= DATA RECORDS =
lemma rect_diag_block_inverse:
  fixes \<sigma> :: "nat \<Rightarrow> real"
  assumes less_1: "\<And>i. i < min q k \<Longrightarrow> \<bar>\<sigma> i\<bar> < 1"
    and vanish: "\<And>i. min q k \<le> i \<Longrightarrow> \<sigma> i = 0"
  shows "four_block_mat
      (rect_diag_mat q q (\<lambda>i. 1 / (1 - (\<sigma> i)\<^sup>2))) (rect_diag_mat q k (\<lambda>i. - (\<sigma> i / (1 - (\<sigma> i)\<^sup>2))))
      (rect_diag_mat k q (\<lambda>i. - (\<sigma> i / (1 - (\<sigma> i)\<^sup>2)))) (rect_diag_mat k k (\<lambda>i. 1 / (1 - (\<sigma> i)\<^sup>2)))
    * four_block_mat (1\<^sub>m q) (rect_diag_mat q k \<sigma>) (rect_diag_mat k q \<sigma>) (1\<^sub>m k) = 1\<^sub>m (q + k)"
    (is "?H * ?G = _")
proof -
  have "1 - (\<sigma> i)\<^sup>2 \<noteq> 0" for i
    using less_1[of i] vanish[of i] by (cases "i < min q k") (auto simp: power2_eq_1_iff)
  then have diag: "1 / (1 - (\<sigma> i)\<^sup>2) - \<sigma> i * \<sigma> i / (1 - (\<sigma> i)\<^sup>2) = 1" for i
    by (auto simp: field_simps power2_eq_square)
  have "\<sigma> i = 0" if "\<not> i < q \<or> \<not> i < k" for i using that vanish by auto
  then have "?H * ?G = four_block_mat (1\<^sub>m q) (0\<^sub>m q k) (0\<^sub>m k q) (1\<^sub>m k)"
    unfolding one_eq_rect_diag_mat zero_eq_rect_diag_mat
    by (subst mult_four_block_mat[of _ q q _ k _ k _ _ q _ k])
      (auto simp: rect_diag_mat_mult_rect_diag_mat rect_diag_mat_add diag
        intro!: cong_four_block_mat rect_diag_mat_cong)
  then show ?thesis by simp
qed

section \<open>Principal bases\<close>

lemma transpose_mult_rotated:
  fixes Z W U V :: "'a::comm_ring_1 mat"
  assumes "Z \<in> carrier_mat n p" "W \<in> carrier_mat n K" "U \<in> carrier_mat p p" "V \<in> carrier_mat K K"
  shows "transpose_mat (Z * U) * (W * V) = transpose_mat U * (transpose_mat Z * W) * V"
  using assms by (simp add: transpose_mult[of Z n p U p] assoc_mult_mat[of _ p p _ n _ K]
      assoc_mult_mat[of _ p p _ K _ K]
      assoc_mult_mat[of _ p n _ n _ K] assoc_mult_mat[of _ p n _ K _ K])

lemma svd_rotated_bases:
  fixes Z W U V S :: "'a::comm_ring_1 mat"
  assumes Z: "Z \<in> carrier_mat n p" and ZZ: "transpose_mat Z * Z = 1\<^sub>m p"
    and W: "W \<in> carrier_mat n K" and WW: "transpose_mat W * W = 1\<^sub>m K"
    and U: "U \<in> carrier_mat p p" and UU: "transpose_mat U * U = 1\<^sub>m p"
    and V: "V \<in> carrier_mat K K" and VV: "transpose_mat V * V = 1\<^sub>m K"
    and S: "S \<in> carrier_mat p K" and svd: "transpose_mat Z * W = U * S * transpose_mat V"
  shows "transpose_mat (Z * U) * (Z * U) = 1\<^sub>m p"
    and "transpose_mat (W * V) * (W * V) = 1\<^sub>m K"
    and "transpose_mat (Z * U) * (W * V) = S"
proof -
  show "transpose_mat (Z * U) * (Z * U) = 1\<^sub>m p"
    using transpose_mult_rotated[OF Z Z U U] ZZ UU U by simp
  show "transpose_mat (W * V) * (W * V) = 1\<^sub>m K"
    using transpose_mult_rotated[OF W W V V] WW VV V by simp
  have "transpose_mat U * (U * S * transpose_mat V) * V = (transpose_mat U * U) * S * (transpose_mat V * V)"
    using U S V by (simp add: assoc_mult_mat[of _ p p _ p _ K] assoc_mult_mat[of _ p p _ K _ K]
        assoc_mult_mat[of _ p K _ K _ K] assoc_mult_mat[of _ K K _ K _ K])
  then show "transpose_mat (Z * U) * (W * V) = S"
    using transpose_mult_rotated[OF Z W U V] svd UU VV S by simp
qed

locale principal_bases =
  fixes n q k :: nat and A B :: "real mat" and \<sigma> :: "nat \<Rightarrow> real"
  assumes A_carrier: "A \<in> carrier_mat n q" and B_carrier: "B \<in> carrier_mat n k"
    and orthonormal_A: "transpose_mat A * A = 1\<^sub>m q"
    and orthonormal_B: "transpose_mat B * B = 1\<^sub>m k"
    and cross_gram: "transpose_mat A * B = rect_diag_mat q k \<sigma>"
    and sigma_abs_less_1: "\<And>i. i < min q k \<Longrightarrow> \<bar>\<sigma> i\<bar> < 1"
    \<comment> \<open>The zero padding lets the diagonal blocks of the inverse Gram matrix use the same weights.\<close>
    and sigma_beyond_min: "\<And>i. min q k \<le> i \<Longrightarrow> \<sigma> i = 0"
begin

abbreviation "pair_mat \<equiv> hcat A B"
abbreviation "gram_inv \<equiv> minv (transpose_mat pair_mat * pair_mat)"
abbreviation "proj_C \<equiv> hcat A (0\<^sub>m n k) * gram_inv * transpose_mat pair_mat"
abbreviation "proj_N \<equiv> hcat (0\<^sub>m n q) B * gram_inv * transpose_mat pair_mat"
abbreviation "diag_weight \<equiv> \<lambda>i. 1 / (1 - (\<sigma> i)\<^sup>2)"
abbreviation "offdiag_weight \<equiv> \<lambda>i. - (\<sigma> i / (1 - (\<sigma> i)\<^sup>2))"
* * *
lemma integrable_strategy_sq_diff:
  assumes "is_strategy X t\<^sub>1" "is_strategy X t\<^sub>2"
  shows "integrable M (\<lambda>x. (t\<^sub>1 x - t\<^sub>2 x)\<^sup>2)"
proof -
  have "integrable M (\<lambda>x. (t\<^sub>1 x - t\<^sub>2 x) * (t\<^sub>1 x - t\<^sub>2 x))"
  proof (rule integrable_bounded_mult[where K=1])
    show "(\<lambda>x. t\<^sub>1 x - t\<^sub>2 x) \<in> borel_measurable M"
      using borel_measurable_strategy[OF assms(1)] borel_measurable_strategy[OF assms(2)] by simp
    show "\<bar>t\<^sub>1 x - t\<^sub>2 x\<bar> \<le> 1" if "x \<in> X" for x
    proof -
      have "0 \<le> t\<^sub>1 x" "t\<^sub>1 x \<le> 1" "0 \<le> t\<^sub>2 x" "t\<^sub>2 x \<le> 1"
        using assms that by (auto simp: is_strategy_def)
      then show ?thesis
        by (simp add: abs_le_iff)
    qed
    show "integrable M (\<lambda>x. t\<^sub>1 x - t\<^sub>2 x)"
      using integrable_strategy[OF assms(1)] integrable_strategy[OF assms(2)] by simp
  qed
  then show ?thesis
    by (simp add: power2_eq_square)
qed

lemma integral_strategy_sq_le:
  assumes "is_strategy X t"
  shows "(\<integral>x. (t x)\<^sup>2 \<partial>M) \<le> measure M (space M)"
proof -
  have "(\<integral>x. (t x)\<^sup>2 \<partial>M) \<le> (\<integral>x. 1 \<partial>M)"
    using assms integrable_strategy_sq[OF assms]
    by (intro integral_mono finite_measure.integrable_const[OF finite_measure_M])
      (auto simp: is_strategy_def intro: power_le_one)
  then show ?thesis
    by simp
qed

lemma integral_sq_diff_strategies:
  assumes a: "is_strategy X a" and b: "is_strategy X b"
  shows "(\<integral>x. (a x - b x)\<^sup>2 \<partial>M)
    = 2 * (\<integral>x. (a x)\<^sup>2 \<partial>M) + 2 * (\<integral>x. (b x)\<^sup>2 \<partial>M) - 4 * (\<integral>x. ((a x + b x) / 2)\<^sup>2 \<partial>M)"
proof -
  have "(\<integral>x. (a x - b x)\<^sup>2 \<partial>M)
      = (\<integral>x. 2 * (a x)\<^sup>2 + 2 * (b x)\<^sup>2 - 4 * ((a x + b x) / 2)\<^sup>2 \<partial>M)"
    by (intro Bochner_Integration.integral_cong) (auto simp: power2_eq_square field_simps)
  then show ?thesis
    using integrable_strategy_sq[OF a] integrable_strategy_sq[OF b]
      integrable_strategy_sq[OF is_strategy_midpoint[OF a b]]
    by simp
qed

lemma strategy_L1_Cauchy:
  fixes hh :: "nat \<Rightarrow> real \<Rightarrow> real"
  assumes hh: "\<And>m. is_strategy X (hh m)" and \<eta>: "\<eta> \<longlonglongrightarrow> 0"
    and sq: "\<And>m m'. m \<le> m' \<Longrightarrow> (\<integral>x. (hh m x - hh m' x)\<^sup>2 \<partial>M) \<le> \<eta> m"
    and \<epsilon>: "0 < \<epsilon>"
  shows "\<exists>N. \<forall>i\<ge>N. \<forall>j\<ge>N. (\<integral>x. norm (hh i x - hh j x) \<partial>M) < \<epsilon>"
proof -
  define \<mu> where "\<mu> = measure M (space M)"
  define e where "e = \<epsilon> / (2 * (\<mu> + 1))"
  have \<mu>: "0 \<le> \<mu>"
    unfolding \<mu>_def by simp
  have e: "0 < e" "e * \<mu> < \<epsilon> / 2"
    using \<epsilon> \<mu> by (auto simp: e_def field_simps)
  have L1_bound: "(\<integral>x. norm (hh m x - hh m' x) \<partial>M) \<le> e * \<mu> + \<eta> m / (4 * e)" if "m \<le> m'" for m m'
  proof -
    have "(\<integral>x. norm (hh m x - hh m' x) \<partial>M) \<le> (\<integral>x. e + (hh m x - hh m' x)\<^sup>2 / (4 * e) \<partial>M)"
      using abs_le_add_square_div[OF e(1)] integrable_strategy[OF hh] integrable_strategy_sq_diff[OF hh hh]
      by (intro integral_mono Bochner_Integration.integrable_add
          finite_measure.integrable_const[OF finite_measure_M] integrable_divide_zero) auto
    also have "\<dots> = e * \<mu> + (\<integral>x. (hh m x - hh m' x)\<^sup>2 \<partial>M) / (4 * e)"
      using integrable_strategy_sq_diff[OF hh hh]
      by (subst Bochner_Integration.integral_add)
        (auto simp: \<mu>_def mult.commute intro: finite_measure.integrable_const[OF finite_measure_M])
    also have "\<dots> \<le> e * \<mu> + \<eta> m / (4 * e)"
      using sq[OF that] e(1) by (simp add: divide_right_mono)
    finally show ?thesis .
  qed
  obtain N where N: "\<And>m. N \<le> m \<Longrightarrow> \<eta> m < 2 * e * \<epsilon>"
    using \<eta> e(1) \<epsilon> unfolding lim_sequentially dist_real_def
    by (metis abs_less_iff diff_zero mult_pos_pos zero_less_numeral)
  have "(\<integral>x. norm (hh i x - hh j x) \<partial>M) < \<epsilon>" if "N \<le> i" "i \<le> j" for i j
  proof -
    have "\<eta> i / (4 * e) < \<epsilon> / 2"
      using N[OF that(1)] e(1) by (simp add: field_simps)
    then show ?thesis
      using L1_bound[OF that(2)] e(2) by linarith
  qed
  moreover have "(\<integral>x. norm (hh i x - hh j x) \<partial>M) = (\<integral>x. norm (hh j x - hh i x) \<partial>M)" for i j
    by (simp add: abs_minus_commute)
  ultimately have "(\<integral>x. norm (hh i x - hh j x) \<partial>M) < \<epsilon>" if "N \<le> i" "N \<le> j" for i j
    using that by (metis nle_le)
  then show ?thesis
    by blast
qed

= WORK INSTRUCTIONS =
Throughout the data above, copy all lines where the word "metis" is found.

= RESULT BELOW =
    by (metis abs_less_iff diff_zero mult_pos_pos zero_less_numeral)
    using that by (metis nle_le)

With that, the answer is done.